Laughter is a funny thing –but what is it? Is it speech? Is it non-speech, like the thump of a stone in the grass? Is it something “in-between” –a part of that company of things which includes the bark of dogs, the purr of cats, the whisper of tree branches, the caw of birds?
What does it mean to laugh?
We can describe the event medically: an enlargement of the face, a delighted drawing at the corners of the eyes, a rhythmic undulation of the thorax producing the peculiar sounds in the voice.
We can describe the objects of laughter: a joke, a humorous situation, an awkwardness, a delightful gift, a comedic resolution in a narrative (e.g. the end of Shakespeare’s A Midsummer Night’s Dream).
We can event elucidate theories of the comedic: how to produce the effect in audiences, how to write good jokes, differences between dark comedy and slapstick, etc.
Everyone seems capable of it, so it cannot be identified strictly with an emotion or station in life: villains laugh and heroines laugh; bursars laugh and beggars laugh; the infant and the president both laugh.
But what does it mean to laugh? What is it?
Georges Bataille suggested that laughter is, at it’s core, the collapse of the knowable. We laugh, according to Bataille, not merely when we don’t know something but when all of the illusions about what we know are shown as false. “We laugh, in short, in passing very abruptly, all of a sudden, from a world in which everything is firmly qualified, in which everything is given as stable within a generally stable order, into a world in which our assurance is overwhelmed,” (1986, 90).
Does this satisfy us? It seems pretty close but fails ultimately because it does not account for Yahweh’s laughter. Bataille’s commitments to mystical atheism leave his account of laughter somewhat empty –like the sound of a hollow chuckle—for God laughs (Ps. 2:4; Zeph. 3:17).
And if God laughs, laughter must be something more than the sheer unknowability of the unknown. The omniscient One laughs, so laughter cannot be mere vacuity.
What is it then?
Laughter is confession.
Often it is involuntary. It is what we do when reality arrives and lays a demand on us. By it the condition of our hearts are laid bare. By it we are pressed into solidarity with the jest, or are condemned with the scoffers. Laughter can also be the decisive act of concurrence, we can choose to confess our joy or our non-comprehension or our surprise.
Laughter as a confession convicts us: we become one who “finds this funny.”
Like a confession laughter can deepen and return. I can confess the same things over again with a deeper honesty, and can laugh at the same The Office episode as each watching enriches it.
Like confession I can fake a laugh and remain dead in my heart.
Like confession it can be a glad thing to expose myself in this way or it can be a shameful thing.

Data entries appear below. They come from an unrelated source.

lemma cl_mult_assoc: "cl_mult N (cl_mult N x y) v = cl_mult N x (cl_mult N y v)"
  unfolding cl_mult_def
  by (auto simp: fun_eq_iff sum_distrib_left sum_distrib_right mult.assoc intro: sum.swap)

lemma cl_mult_add_left: "cl_mult N (cl_add x y) v = cl_add (cl_mult N x v) (cl_mult N y v)"
  unfolding cl_mult_def cl_add_def by (auto simp: distrib_right sum.distrib)

lemma cl_mult_add_right: "cl_mult N v (cl_add x y) = cl_add (cl_mult N v x) (cl_mult N v y)"
  unfolding cl_mult_def cl_add_def by (auto simp: distrib_left sum.distrib)

lemma cl_mult_diff_right: "cl_mult N v (cl_diff x y) = cl_diff (cl_mult N v x) (cl_mult N v y)"
  unfolding cl_mult_def cl_diff_def by (auto simp: right_diff_distrib sum_subtractf)

lemma cl_mult_smult_left: "cl_mult N (cl_smult c x) v = cl_smult c (cl_mult N x v)"
  unfolding cl_mult_def cl_smult_def by (auto simp: sum_distrib_left mult.assoc)

lemma cl_mult_smult_right: "cl_mult N v (cl_smult c x) = cl_smult c (cl_mult N v x)"
  unfolding cl_mult_def cl_smult_def by (auto simp: sum_distrib_left mult.left_commute)

lemma cl_mult_zero_right: "cl_mult N v cl_zero = cl_zero"
  unfolding cl_mult_def cl_zero_def by auto

lemma cl_mult_lin_left: "cl_mult N (cl_lin m c f) y = cl_lin m c (\<lambda>k. cl_mult N (f k) y)"
  unfolding cl_mult_def cl_lin_def
  by (auto simp: fun_eq_iff sum_distrib_left sum_distrib_right mult.assoc intro: sum.swap)

lemma cl_mult_lin_right: "cl_mult N y (cl_lin m c f) = cl_lin m c (\<lambda>k. cl_mult N y (f k))"
  unfolding cl_mult_def cl_lin_def
  by (auto simp: fun_eq_iff sum_distrib_left mult.left_commute intro: sum.swap)

lemma cl_mult_lin_lin:
  "cl_mult N (cl_lin m c f) (cl_lin m' e g) T S
     = (\<Sum>k<m. \<Sum>l<m'. c k * e l * cl_mult N (f k) (g l) T S)"
  by (subst cl_mult_lin_left, subst cl_mult_lin_right)
    (simp add: cl_lin_def sum_distrib_left mult.assoc)

lemma cl_lin_0: "cl_lin 0 c f = cl_zero"
  unfolding cl_lin_def cl_zero_def by auto

lemma cl_lin_Suc: "cl_lin (Suc m) c f = cl_add (cl_lin m c f) (cl_smult (c m) (f m))"
  unfolding cl_lin_def cl_add_def cl_smult_def by auto

lemma cl_lin_unit: "k < m \<Longrightarrow> cl_lin m (\<lambda>l. if l = k then 1 else 0) f = f k"
  unfolding cl_lin_def by (simp add: fun_eq_iff if_distrib[of "\<lambda>c. c * _"] cong: if_cong)

lemma cl_span_member: "k < m \<Longrightarrow> f k \<in> cl_span m f"
  by (metis (mono_tags, lifting) cl_lin_unit mem_Collect_eq)

lemma cl_add_commute: "cl_add x y = cl_add y x"
  unfolding cl_add_def by (simp add: add.commute)

lemma cl_diff_eq_add_smult: "cl_diff x y = cl_add x (cl_smult (-1) y)"
  unfolding cl_diff_def cl_add_def cl_smult_def by simp

lemma cl_smult_zero: "cl_smult 0 x = cl_zero"
  unfolding cl_smult_def cl_zero_def by simp

lemma cl_one_mult:
  assumes "cl_supported N x" shows "cl_mult N (cl_one N) x = x"
proof (intro ext)
  fix T S
  have "cl_mult N (cl_one N) x T S = (\<Sum>R\<in>Pow {..<N}. if T = R then x R S else 0)"
    unfolding cl_mult_def cl_one_def by (intro sum.cong) auto
  also have "\<dots> = x T S"
    using assms unfolding cl_supported_def by (cases "T \<subseteq> {..<N}") auto
  finally show "cl_mult N (cl_one N) x T S = x T S" .
qed

lemma cl_mult_one:
  assumes "cl_supported N x" shows "cl_mult N x (cl_one N) = x"
proof (intro ext)
  fix T S
  have "cl_mult N x (cl_one N) T S = (\<Sum>R\<in>Pow {..<N}. if R = S then x T R else 0)"
    unfolding cl_mult_def cl_one_def by (intro sum.cong) auto
  also have "\<dots> = x T S"
    using assms unfolding cl_supported_def by (cases "S \<subseteq> {..<N}") auto
  finally show "cl_mult N x (cl_one N) T S = x T S" .
qed

lemma cl_supported_a: "cl_supported N (cl_a N i)"
  unfolding cl_supported_def cl_a_def by auto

When confronted with reality, inane laughter can be a confession that we do not know the truth or dare not speak its name.
Bataille was right in at least one way: laughter, as confession, always implies a failure of some sort: Courageous laughter confesses the failure of sin and evil. A glad laugh confesses the failure of the things opposed to goodness. A wicked laugh is a laugh that confesses a failure to love what is good. A jolly laugh, one of the most subversive of all good things, confesses the failure of our strength to save ourselves, and thus this category of laughter (the slapstick the bodily noises the pun the dad-joke the knock-knock and the riddle) serve to make us wise by helping not put our trust in the strength of horses and chariot (Ps. 20:7).